An attack on a set_fact declaration seems unrealistic to me and even if it was, it would be a much larger threat than is described in the link above, but whatever. Just doing my due diligence…

1 Like

I thought you might be interested in reading this.


Currently, I’m targeting bare metal deployment across several OS’s including OpenBSD, so Vagrant is the better option for me but when I start working on services further down the line, I might switch to Docker.

My thought process that it would be easier to use Docker to test your mock deploys. Because then you can use GitLab or GitHub pipelines to increase your testing.


Screen Shot 2022-04-08 at 18.34.52


1 Like

isnt set_fact module setting it after you tried to debug it?

The IP in the task name doesn’t match the IP in the set_fact. It’s defined below in the vars section (but it’s kind of long so I didn’t include it). There’s no pre-existing value, so I don’t understand.

Oh wait, I see it! lol

  ip_var: "{{ available_ips_var | random }}"

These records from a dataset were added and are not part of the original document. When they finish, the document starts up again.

(* Let $M=(\mathbb N_0\times\mathbb N_0)\cup(\mathbb Z\times\mathbb N_{\ge2})\subseteq\mathbb Z^2$ and let $R=\mathbb R[x,y;M]$ be the monoid algebra of $M$ over $\mathbb R$ (monomials $x^ay^b$ with $(a,b)\in M$). Then $R$ is an IDF domain and is almost atomic, but $R$ is not atomic (in particular $R$ is not an FFD).
   Context: For an integral domain $R$: an irreducible is a nonzero nonunit $a$ with $a=uv$ forcing $u$ or $v$ a unit; an element is atomic if it is a unit or a finite product of irreducibles; $R$ is atomic if every nonzero element is atomic; $R$ is almost atomic if for every nonzero $b\in R$ there is an atomic element $a$ such that $ab$ is atomic; $R$ is an IDF domain if every nonzero element is divisible by only finitely many irreducibles up to associates; $R$ is an FFD if it is atomic and each nonzero element has finitely many factorizations up to order and associates. *)

theory Defs
  imports Complex_Main "HOL-Library.Poly_Mapping" "HOL-Library.Product_Plus" "HOL-Library.Multiset"
begin

(* Ambient ring: Laurent polynomials in x,y over the reals, i.e. finitely supported
   functions Z^2 -> R with convolution product; (a,b) stands for x^a y^b. *)

definition M :: "(int \<times> int) set" where
  "M = {(a,b). (a \<ge> 0 \<and> b \<ge> 0) \<or> b \<ge> 2}"

definition Ralg :: "((int \<times> int) \<Rightarrow>\<^sub>0 real) set" where
  "Ralg = {p. Poly_Mapping.keys p \<subseteq> M}"

definition integral_domain_in :: "'a::comm_ring_1 set \<Rightarrow> bool" where
  "integral_domain_in S \<longleftrightarrow> 0 \<in> S \<and> 1 \<in> S \<and> (0::'a) \<noteq> 1 \<and>
     (\<forall>a\<in>S. \<forall>b\<in>S. a + b \<in> S \<and> a * b \<in> S) \<and> (\<forall>a\<in>S. - a \<in> S) \<and>
     (\<forall>a\<in>S. \<forall>b\<in>S. a * b = 0 \<longrightarrow> a = 0 \<or> b = 0)"

definition unit_in :: "'a::comm_ring_1 set \<Rightarrow> 'a \<Rightarrow> bool" where
  "unit_in S u \<longleftrightarrow> u \<in> S \<and> (\<exists>v\<in>S. u * v = 1)"

definition dvd_in :: "'a::comm_ring_1 set \<Rightarrow> 'a \<Rightarrow> 'a \<Rightarrow> bool" where
  "dvd_in S a b \<longleftrightarrow> a \<in> S \<and> b \<in> S \<and> (\<exists>c\<in>S. b = a * c)"

definition assoc_in :: "'a::comm_ring_1 set \<Rightarrow> 'a \<Rightarrow> 'a \<Rightarrow> bool" where
  "assoc_in S a b \<longleftrightarrow> dvd_in S a b \<and> dvd_in S b a"

definition irreducible_in :: "'a::comm_ring_1 set \<Rightarrow> 'a \<Rightarrow> bool" where
  "irreducible_in S a \<longleftrightarrow> a \<in> S \<and> a \<noteq> 0 \<and> \<not> unit_in S a \<and>
     (\<forall>u\<in>S. \<forall>v\<in>S. a = u * v \<longrightarrow> unit_in S u \<or> unit_in S v)"

definition factorization_in :: "'a::comm_ring_1 set \<Rightarrow> 'a \<Rightarrow> 'a list \<Rightarrow> bool" where
  "factorization_in S a xs \<longleftrightarrow> (\<forall>x\<in>set xs. irreducible_in S x) \<and> prod_list xs = a"

definition atomic_elem :: "'a::comm_ring_1 set \<Rightarrow> 'a \<Rightarrow> bool" where
  "atomic_elem S a \<longleftrightarrow> unit_in S a \<or> (\<exists>xs. xs \<noteq> [] \<and> factorization_in S a xs)"

definition atomic_dom :: "'a::comm_ring_1 set \<Rightarrow> bool" where
  "atomic_dom S \<longleftrightarrow> (\<forall>a\<in>S. a \<noteq> 0 \<longrightarrow> atomic_elem S a)"

definition almost_atomic_dom :: "'a::comm_ring_1 set \<Rightarrow> bool" where
  "almost_atomic_dom S \<longleftrightarrow>
     (\<forall>b\<in>S. b \<noteq> 0 \<longrightarrow> (\<exists>a\<in>S. atomic_elem S a \<and> atomic_elem S (a * b)))"

definition IDF_dom :: "'a::comm_ring_1 set \<Rightarrow> bool" where
  "IDF_dom S \<longleftrightarrow> integral_domain_in S \<and>
     (\<forall>a\<in>S. a \<noteq> 0 \<longrightarrow> (\<exists>F. finite F \<and>
        (\<forall>p. irreducible_in S p \<and> dvd_in S p a \<longrightarrow> (\<exists>q\<in>F. assoc_in S p q))))"

definition fact_equiv :: "'a::comm_ring_1 set \<Rightarrow> 'a list \<Rightarrow> 'a list \<Rightarrow> bool" where
  "fact_equiv S xs ys \<longleftrightarrow> (\<exists>zs. mset zs = mset ys \<and> list_all2 (assoc_in S) xs zs)"

definition FFD_dom :: "'a::comm_ring_1 set \<Rightarrow> bool" where
  "FFD_dom S \<longleftrightarrow> integral_domain_in S \<and> atomic_dom S \<and>
     (\<forall>a\<in>S. a \<noteq> 0 \<longrightarrow> (\<exists>F. finite F \<and>
        (\<forall>xs. factorization_in S a xs \<longrightarrow> (\<exists>ys\<in>F. fact_equiv S xs ys))))"

end

theory Submission
  imports Defs "HOL-Computational_Algebra.Polynomial_Factorial" "HOL-Computational_Algebra.Field_as_Ring"
begin

text \<open>
  Every nonzero Laurent polynomial is \<open>x\<^sup>a y\<^sup>b f\<close> with \<open>f \<in> \<real>[x, y]\<close> divisible by neither \<open>x\<close>
  nor \<open>y\<close>, and the units of \<open>R = \<real>[x, y; M]\<close> are the nonzero constants. Divisors of monomials are
  monomials, and an irreducible monomial has nonnegative \<open>x\<close>-exponent (otherwise \<open>x\<close> splits off), so
  \<open>x\<^sup>-\<^sup>1 y\<^sup>2\<close> has no factorization and \<open>R\<close> is not atomic.

  An irreducible divisor \<open>x\<^sup>a y\<^sup>b d\<close> of \<open>x\<^sup>s y\<^sup>t f\<close> has \<open>d\<close> dividing \<open>f\<close> in the UFD \<open>\<real>[x, y]\<close>. Moreover
  \<open>a \<le> 1\<close> and \<open>b \<le> 1\<close>, for otherwise all its exponents could be lowered in \<open>x\<close> within \<open>M\<close>, making
  it divisible by \<open>x\<close>; since the monomial \<open>x\<^sup>a\<^sup>+\<^sup>m y\<^sup>b\<close> with \<open>m = deg d(x, 0)\<close> occurs in it, \<open>a\<close> and \<open>b\<close>
  are bounded below as well. Up to associates this leaves finitely many candidates.

  For almost atomicity, a prime \<open>r\<close> of \<open>\<real>[x, y]\<close> not associated to \<open>x\<close> or \<open>y\<close> yields the irreducible
  \<open>x\<^sup>-\<^sup>K r\<close> of \<open>R\<close> with \<open>K\<close> maximal; so multiplying any nonzero element of \<open>R\<close> by a suitable power
  of \<open>x\<close> makes it a constant times a product of \<open>x\<close>, \<open>y\<close> and such irreducibles.
\<close>

context
  fixes S :: "'a::comm_ring_1 set"
  assumes mult_closed: "\<And>a b. a \<in> S \<Longrightarrow> b \<in> S \<Longrightarrow> a * b \<in> S"
begin

lemma unit_in_mult: "unit_in S u \<Longrightarrow> unit_in S w \<Longrightarrow> unit_in S (u * w)"
  unfolding unit_in_def by (metis mult.assoc mult.left_commute mult_1_right mult_closed)

lemma unit_in_inverseE:
  assumes "unit_in S u"
  obtains v where "unit_in S v" "v * u = 1"
  using assms unfolding unit_in_def by (metis mult.commute)

lemma irreducible_in_unit_mult:
  assumes irr: "irreducible_in S a" and u: "unit_in S u"
  shows "irreducible_in S (u * a)"
proof -
  obtain v where v: "unit_in S v" "v * u = 1" using u by (rule unit_in_inverseE)
  have cancel: "v * (u * b) = b" for b by (simp add: mult.assoc[symmetric] v(2))
  have aS: "a \<in> S" "a \<noteq> 0" "\<not> unit_in S a" using irr by (auto simp: irreducible_in_def)
  show ?thesis
    unfolding irreducible_in_def
  proof (intro conjI ballI impI)
    show "u * a \<in> S" using aS u by (auto simp: unit_in_def mult_closed)
    show "u * a \<noteq> 0" using cancel[of a] aS by auto
    show "\<not> unit_in S (u * a)" using unit_in_mult[OF v(1)] cancel[of a] aS by metis
    fix b c assume bc: "b \<in> S" "c \<in> S" "u * a = b * c"
    have "a = (v * b) * c" using cancel[of a] bc(3) by (simp add: mult.assoc)
    moreover have "v * b \<in> S" using v bc by (auto simp: unit_in_def mult_closed)
    ultimately have "unit_in S (v * b) \<or> unit_in S c" using irr bc by (auto simp: irreducible_in_def)
    then show "unit_in S b \<or> unit_in S c"
      using unit_in_mult[OF u, of "v * b"] cancel[of b] by (auto simp: mult.left_commute)
  qed
qed

lemma atomic_elem_unit_mult_prod:
  assumes "\<forall>x\<in>set xs. irreducible_in S x" "unit_in S u"
  shows "atomic_elem S (u * prod_list xs)"
proof (cases xs)
  case (Cons x ys)
  then have "factorization_in S (u * prod_list xs) (u * x # ys)"
    using assms irreducible_in_unit_mult by (auto simp: factorization_in_def mult.assoc)
  then show ?thesis unfolding atomic_elem_def by blast
qed (use assms in \<open>simp add: atomic_elem_def\<close>)

lemma assoc_in_unit_mult: "a \<in> S \<Longrightarrow> unit_in S u \<Longrightarrow> assoc_in S (u * a) a"
  unfolding assoc_in_def dvd_in_def
  by (metis unit_in_inverseE mult.assoc mult.commute mult_1_left mult_closed unit_in_def)

end

lemma finite_submultisets: "finite {A. A \<subseteq># B}"
proof (rule finite_subset)
  show "{A. A \<subseteq># B} \<subseteq> (\<Union>n\<le>size B. multisets_of_size (set_mset B) n)"
    by (auto simp: multisets_of_size_def size_mset_mono dest: mset_subset_eqD)
qed auto

lemma finite_normalized_divisors:
  fixes x :: "'a::factorial_semiring"
  assumes "x \<noteq> 0"
  shows "finite {d. d dvd x \<and> normalize d = d}"
proof (rule finite_subset)
  show "{d. d dvd x \<and> normalize d = d} \<subseteq> (normalize \<circ> prod_mset) ` {A. A \<subseteq># prime_factorization x}"
  proof
    fix d assume d: "d \<in> {d. d dvd x \<and> normalize d = d}"
    then have "d \<noteq> 0" using assms by auto
    with d have "prime_factorization d \<subseteq># prime_factorization x"
      "d = normalize (prod_mset (prime_factorization d))"
      using prime_factorization_subset_iff_dvd[OF _ assms] prod_mset_prime_factorization_weak[of d]
      by auto
    then show "d \<in> (normalize \<circ> prod_mset) ` {A. A \<subseteq># prime_factorization x}" by auto
  qed
qed (simp add: finite_submultisets)

lemma poly_mult_eq_monomE:
  fixes p q :: "'a::idom poly"
  assumes pq: "p * q = monom r j" and "r \<noteq> 0"
  obtains c d where "p = monom c d" "c \<noteq> 0"
proof -
  have "p \<noteq> 0" "q \<noteq> 0" using assms by auto
  have "order 0 p + order 0 q = degree p + degree q"
    using order_mult[of p q 0] degree_mult_eq[of p q] pq assms(2) \<open>p \<noteq> 0\<close> \<open>q \<noteq> 0\<close>
    by (simp add: degree_monom_eq)
  moreover have "order 0 p \<le> degree p" "order 0 q \<le> degree q"
    using order_degree \<open>p \<noteq> 0\<close> \<open>q \<noteq> 0\<close> by auto
  ultimately have "monom 1 (degree p) dvd p" using monom_1_dvd_iff[OF \<open>p \<noteq> 0\<close>] by simp
  then obtain w where w: "p = monom 1 (degree p) * w" by blast
  with \<open>p \<noteq> 0\<close> have "degree w = 0"
    by (metis add_cancel_left_right degree_monom_eq degree_mult_eq monom_eq_0_iff mult_zero_right one_neq_zero)
  then obtain c where "w = [:c:]" by (rule degree_eq_zeroE)
  with w have "p = monom c (degree p)" by (simp add: monom_0[symmetric] mult_monom)
  with \<open>p \<noteq> 0\<close> show ?thesis using that by (metis monom_eq_0_iff)
qed

lemma bipoly_mult_eq_monomE:
  fixes p q :: "'a::idom poly poly"
  assumes pq: "p * q = monom (monom r i) j" and "r \<noteq> 0"
  obtains c a b where "p = monom (monom c a) b" "c \<noteq> 0"
proof -
  obtain c b where p: "p = monom c b" "c \<noteq> 0"
    using poly_mult_eq_monomE[OF pq] assms(2) by auto
  obtain d b' where q: "q = monom d b'" "d \<noteq> 0"
    using poly_mult_eq_monomE[of q p] pq assms(2) by (metis monom_eq_0_iff mult.commute)
  have "c * d = monom r i" using pq p q by (simp add: mult_monom monom_eq_iff')
  then obtain c' a where "c = monom c' a" "c' \<noteq> 0" using assms(2) by (rule poly_mult_eq_monomE)
  then show ?thesis using that p by blast
qed

section \<open>Laurent polynomials in two variables\<close>

type_synonym laurent = "(int \<times> int) \<Rightarrow>\<^sub>0 real"

abbreviation lconst :: "real \<Rightarrow> laurent" where "lconst c \<equiv> Poly_Mapping.single (0, 0) c"
abbreviation lmonom :: "int \<times> int \<Rightarrow> laurent" where "lmonom e \<equiv> Poly_Mapping.single e 1"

So I reasonably assumed that this meant that it would pick a random IP and save it in the ip_var variable for re-use in both name and set_fact. BUT, it recalculates it each time it’s referenced! Why?!

Simple example:

  - debug:
      msg: "{{ rand }}-{{ rand }}-{{ rand2 }}-{{ rand2 }}"
      rand: "{{ [0,1,2,3,4,5,6,7,8] | random }}"
      rand2: "{{ rand }}"
ok: [localhost] => {
    "msg": "6-6-5-5"

So it will re-use the value within an action but if it’s referenced in multiple places within a task, it’s completely re-evaluated each time.

Here’s the entire task from above if anyone is curious. It’s how I assign IP addresses at random.

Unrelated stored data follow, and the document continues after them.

lemma S_centrally_symmetric: "centrally_symmetric n S"
  unfolding centrally_symmetric_def
proof
  let ?f = "\<lambda>x. restrict (\<lambda>i. - x i) {..<n}"
  have fS: "?f x \<in> S" if "x \<in> S" for x using that n_pos by (auto simp: S_def Rn_def)
  show "S \<subseteq> ?f ` S"
  proof
    fix x assume x: "x \<in> S"
    then have "?f (?f x) = x" by (intro Rn_ext[of _ n x]) (auto simp: S_def Rn_def)
    then show "x \<in> ?f ` S" using fS[OF x] by (metis image_eqI)
  qed
  show "?f ` S \<subseteq> S" using fS by blast
qed


subsubsection \<open>The kernel\<close>

definition profile :: "(real \<times> real) set" where
  "profile = {(a, b). \<bar>a\<bar> \<le> L \<and> \<bar>b\<bar> \<le> g \<bar>a\<bar>}"

definition profile_kernel :: "(real \<times> real) set" where
  "profile_kernel = {(a, b). \<forall>y0 y1 t. (y0, y1) \<in> profile \<and> 0 \<le> t \<and> t \<le> 1 \<longrightarrow>
      ((1 - t) * a + t * y0, (1 - t) * b + t * y1) \<in> profile}"

lemma S_eq_profile: "S = {x \<in> Rn n. \<forall>i\<in>{1..<n}. (x 0, x i) \<in> profile}"
  using n2 by (auto simp: S_def profile_def Ball_def)

text \<open>Because the constraints only couple \<open>x\<^sub>0\<close> with single coordinates, a point sees all of
  \<open>S\<close> iff each of its planar projections \<open>(x\<^sub>0, x\<^sub>i)\<close> sees the whole profile.\<close>
lemma kernel_eq_profile_kernel: "kernel n S = {x \<in> S. \<forall>i\<in>{1..<n}. (x 0, x i) \<in> profile_kernel}"
proof
  show "kernel n S \<subseteq> {x \<in> S. \<forall>i\<in>{1..<n}. (x 0, x i) \<in> profile_kernel}"
  proof
    fix x assume "x \<in> kernel n S"
    then have xS: "x \<in> S" and seg: "\<And>y. y \<in> S \<Longrightarrow> segment n x y \<subseteq> S" by (auto simp: kernel_def)
    have "(x 0, x i) \<in> profile_kernel" if i: "i \<in> {1..<n}" for i
      unfolding profile_kernel_def
    proof (intro CollectI case_prodI allI impI, elim conjE)
      fix y0 y1 t :: real assume T: "(y0, y1) \<in> profile" and t0: "0 \<le> t" and t1: "t \<le> 1"
      define y where "y = restrict (\<lambda>j. if j = 0 then y0 else if j = i then y1 else 0) {..<n}"
      define p where "p = restrict (\<lambda>j. (1 - t) * x j + t * y j) {..<n}"
      have "y \<in> S" unfolding S_def Rn_def y_def
        using T i n_pos g_pos[of "\<bar>y0\<bar>"] by (auto simp: profile_def)
      moreover have "p \<in> segment n x y" unfolding segment_def p_def using t0 t1 by blast
      ultimately have "p \<in> S" using seg by blast
      then have "(p 0, p i) \<in> profile" using i unfolding S_eq_profile by blast
      then show "((1 - t) * x 0 + t * y0, (1 - t) * x i + t * y1) \<in> profile"
        using i n_pos by (simp add: p_def y_def)
    qed
    then show "x \<in> {x \<in> S. \<forall>i\<in>{1..<n}. (x 0, x i) \<in> profile_kernel}" using xS by blast
  qed
  show "{x \<in> S. \<forall>i\<in>{1..<n}. (x 0, x i) \<in> profile_kernel} \<subseteq> kernel n S"
  proof
    fix x assume "x \<in> {x \<in> S. \<forall>i\<in>{1..<n}. (x 0, x i) \<in> profile_kernel}"
    then have xS: "x \<in> S" and xQ: "\<And>i. i \<in> {1..<n} \<Longrightarrow> (x 0, x i) \<in> profile_kernel" by auto
    have "segment n x y \<subseteq> S" if yS: "y \<in> S" for y
    proof
      fix p assume "p \<in> segment n x y"
      then obtain t where t: "0 \<le> t" "t \<le> 1" and p: "p = restrict (\<lambda>j. (1 - t) * x j + t * y j) {..<n}"
        by (auto simp: segment_def)
      have "(p 0, p i) \<in> profile" if i: "i \<in> {1..<n}" for i
        using xQ[OF i] yS t i n_pos unfolding profile_kernel_def p S_eq_profile by auto
      then show "p \<in> S" unfolding S_eq_profile using p by (simp add: Rn_def)
    qed
    then show "x \<in> kernel n S" using xS by (simp add: kernel_def)
  qed
qed

lemma profile_closed: "closed profile"
proof -
  have "profile = {p. \<bar>fst p\<bar> \<le> L} \<inter> {p. \<bar>snd p\<bar> \<le> 1 + m * max 0 (\<bar>fst p\<bar> - c)}"
    by (auto simp: profile_def g_def)
  also have "closed \<dots>" by (intro closed_Int closed_Collect_le continuous_intros)
  finally show ?thesis .
qed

    # We use the integer representation of the IP address so that we can
    # use range to enumerate all usable host addresses which is then
    # differenced against the used IP list and finally a random IP is
    # chosen. However, if an address pool is present, an IPv4 address is
    # chosen at random from that list instead.
    - name: "An IPv4 address has been selected at random"
        ip4_candidate: "{{ ip_var }}"
        first_ip_int_var: "{{ iface['subnet_addr']
                              | ansible.netcommon.ipv4('next_usable')
                              | ansible.netcommon.ipv4('int') }}"
        last_ip_int_var: "{{  iface['subnet_addr']
                              | ansible.netcommon.ipv4('last_usable')
                              | ansible.netcommon.ipv4('int') }}"
        available_ips_var: "{{  iface['addr_pool']
                                | default(  range(  first_ip_int_var | int,
                                                    last_ip_int_var | int )
                                            | list )
                                | ansible.netcommon.ipv4
                                | difference( used_ip4s | default([]) ) }}"
        ip_var: "{{ available_ips_var | random }}"

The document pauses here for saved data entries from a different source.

(* Consider a congestion game in which each $\mathcal{A}_i$ is the set of all $k$-subsets of $\mathcal{F}$ and which admits a strict Nash equilibrium $a^*$ (with $\omega_i^*$ the point mass on $a_i^*$). Let $\epsilon>0$ and $U_\epsilon$ be as in Lemma 1, and let $M\ge|\log(\epsilon/(2kF))|$ be such that $U_M\subseteq U_\epsilon$. Suppose every player runs CongestEXP with expected-reward feedback and learning rate $\eta$, with initial values $\tilde y_i^0$ chosen so that $\omega^0\in U_M$. Then for every $i\in[n]$ and every $t$, \[ \|\omega_i^t-\omega_i^*\|_1\le 2kF\exp(-M-\eta\epsilon t). \]
   Context: Congestion game: $n$ players, facility set $\mathcal{F}$ with $F$ facilities, facility rewards $r^f\in[0,1]$ depending on a joint action only through the load of $f$; $r_i(a)=\sum_{f\in a_i}r^f(a)$, extended to mixed strategies by expectation under independent sampling. Strict Nash equilibrium: pure $a^*$ with $r_i(a_i^*,a_{-i}^* )>r_i(a_i,a_{-i}^* )$ for all $i$, $a_i\ne a_i^*$. Lemma 1: there are $\epsilon>0$ and a neighborhood $U_\epsilon$ of $a^*$ in joint mixed strategy space with $r_i(a_i^*,\tilde\omega_{-i})-r_i(a_i,\tilde\omega_{-i})\ge\epsilon$ for all $\tilde\omega\in U_\epsilon$, all $i$, $a_i\ne a_i^*$. CongestEXP with expected-reward feedback (player $i$, learning rate $\eta$): initial reals $\tilde y_i^0(f)$; at round $t\ge1$, $\tilde y_i^t(f)=\mathbb{E}_{a_{-i}\sim\omega_{-i}^t}[r^f(a_i,a_{-i})]$ for any $a_i\ni f$. Strategies: $\omega_i^t(a)\propto\prod_{f\in a}\exp(\eta\sum_{j=0}^{t}\tilde y_i^j(f))$ over $a\in\mathcal{A}_i$ (indexing so that $\omega^0$ is determined by $\tilde y^0$). Define $\tilde z_i^t(a_i)=\eta\sum_{j=0}^t(\sum_{f\in a_i}\tilde y_i^j(f)-\sum_{f\in a_i^*}\tilde y_i^j(f))$ and $U_M=\{\omega^t:\tilde z_i^t(a_i)\le -M\ \forall i,\ \forall a_i\ne a_i^*\}$. *)

theory Defs
  imports "HOL-Analysis.Analysis"
begin

text \<open>Players are 0,...,n-1; facilities form a finite set F; R f l in [0,1] is the
reward of facility f when its load is l.\<close>

definition actions :: "'f set \<Rightarrow> nat \<Rightarrow> 'f set set" where
  "actions F k = {a. a \<subseteq> F \<and> card a = k}"

definition load :: "nat \<Rightarrow> 'f \<Rightarrow> (nat \<Rightarrow> 'f set) \<Rightarrow> nat" where
  "load n f a = card {j \<in> {..<n}. f \<in> a j}"

definition fac_reward :: "('f \<Rightarrow> nat \<Rightarrow> real) \<Rightarrow> nat \<Rightarrow> 'f \<Rightarrow> (nat \<Rightarrow> 'f set) \<Rightarrow> real" where
  "fac_reward R n f a = R f (load n f a)"

definition pure_reward :: "('f \<Rightarrow> nat \<Rightarrow> real) \<Rightarrow> nat \<Rightarrow> nat \<Rightarrow> (nat \<Rightarrow> 'f set) \<Rightarrow> real" where
  "pure_reward R n i a = (\<Sum>f\<in>a i. fac_reward R n f a)"

definition others :: "nat \<Rightarrow> nat \<Rightarrow> nat set" where
  "others n i = {..<n} - {i}"

definition dev_reward ::
  "nat \<Rightarrow> 'f set \<Rightarrow> nat \<Rightarrow> ('f \<Rightarrow> nat \<Rightarrow> real) \<Rightarrow> nat \<Rightarrow> 'f set \<Rightarrow> (nat \<Rightarrow> 'f set \<Rightarrow> real) \<Rightarrow> real" where
  "dev_reward n F k R i b w =
     (\<Sum>a\<in>PiE (others n i) (\<lambda>_. actions F k).
        (\<Prod>j\<in>others n i. w j (a j)) * pure_reward R n i (a(i := b)))"

text \<open>Expected-reward feedback: E_{a_{-i} ~ w_{-i}} [r^f(a_i, a_{-i})] for any a_i containing f,
i.e. R f evaluated at load 1 + #{j /= i. f in a_j}.\<close>
definition feedback ::
  "nat \<Rightarrow> 'f set \<Rightarrow> nat \<Rightarrow> ('f \<Rightarrow> nat \<Rightarrow> real) \<Rightarrow> (nat \<Rightarrow> 'f set \<Rightarrow> real) \<Rightarrow> nat \<Rightarrow> 'f \<Rightarrow> real" where
  "feedback n F k R w i f =
     (\<Sum>a\<in>PiE (others n i) (\<lambda>_. actions F k).
        (\<Prod>j\<in>others n i. w j (a j)) * R f (Suc (card {j \<in> others n i. f \<in> a j})))"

are you checking dns or pinging it to see if its in use before using it?

1 Like
  1. Used IPs are pulled from Ansible facts and inventory and excluded from the available IP list.

  2. A random IP is selected.

  3. Both the remote host and local host try to ping it.

  4. If either is successful, the task file adds the selected IP to the used list and calls the random assignment recursively until it finds a good IP or runs out and fails.

# groupvars inventory file
# site_ips:
#   subnet/vlan:
#     dhcp-client-id:
#       ip4:
#       ip6: #future use

- run_once: true

    - name: Get IPv4 addresses from all hosts
          - ansible_all_ipv4_addresses
      delegate_to: "{{ play_host_item }}"
      delegate_facts: true
      loop: "{{ ansible_play_hosts }}"
        loop_var: play_host_item

    - name: Define a list of used IPv4 addresses
        used_ip4s: "{{ ansible_used_ip4s_var | union(site_used_ip4s_var) }}"
        ansible_used_ip4s_var: >-
          {{  ansible_play_hosts
              | map('extract', hostvars, 'ansible_all_ipv4_addresses')
              | select('defined')
              | flatten
              | unique }}
        site_used_ip4s_var: >-
          {{  ( site_ips | default({}) ).values()
              | default({})
              | map('dict2items')
              | flatten
              | selectattr('value.ip4', 'defined')
              | map(attribute='value.ip4') }}
    - name: Address collision tests (will re-attempt on failure)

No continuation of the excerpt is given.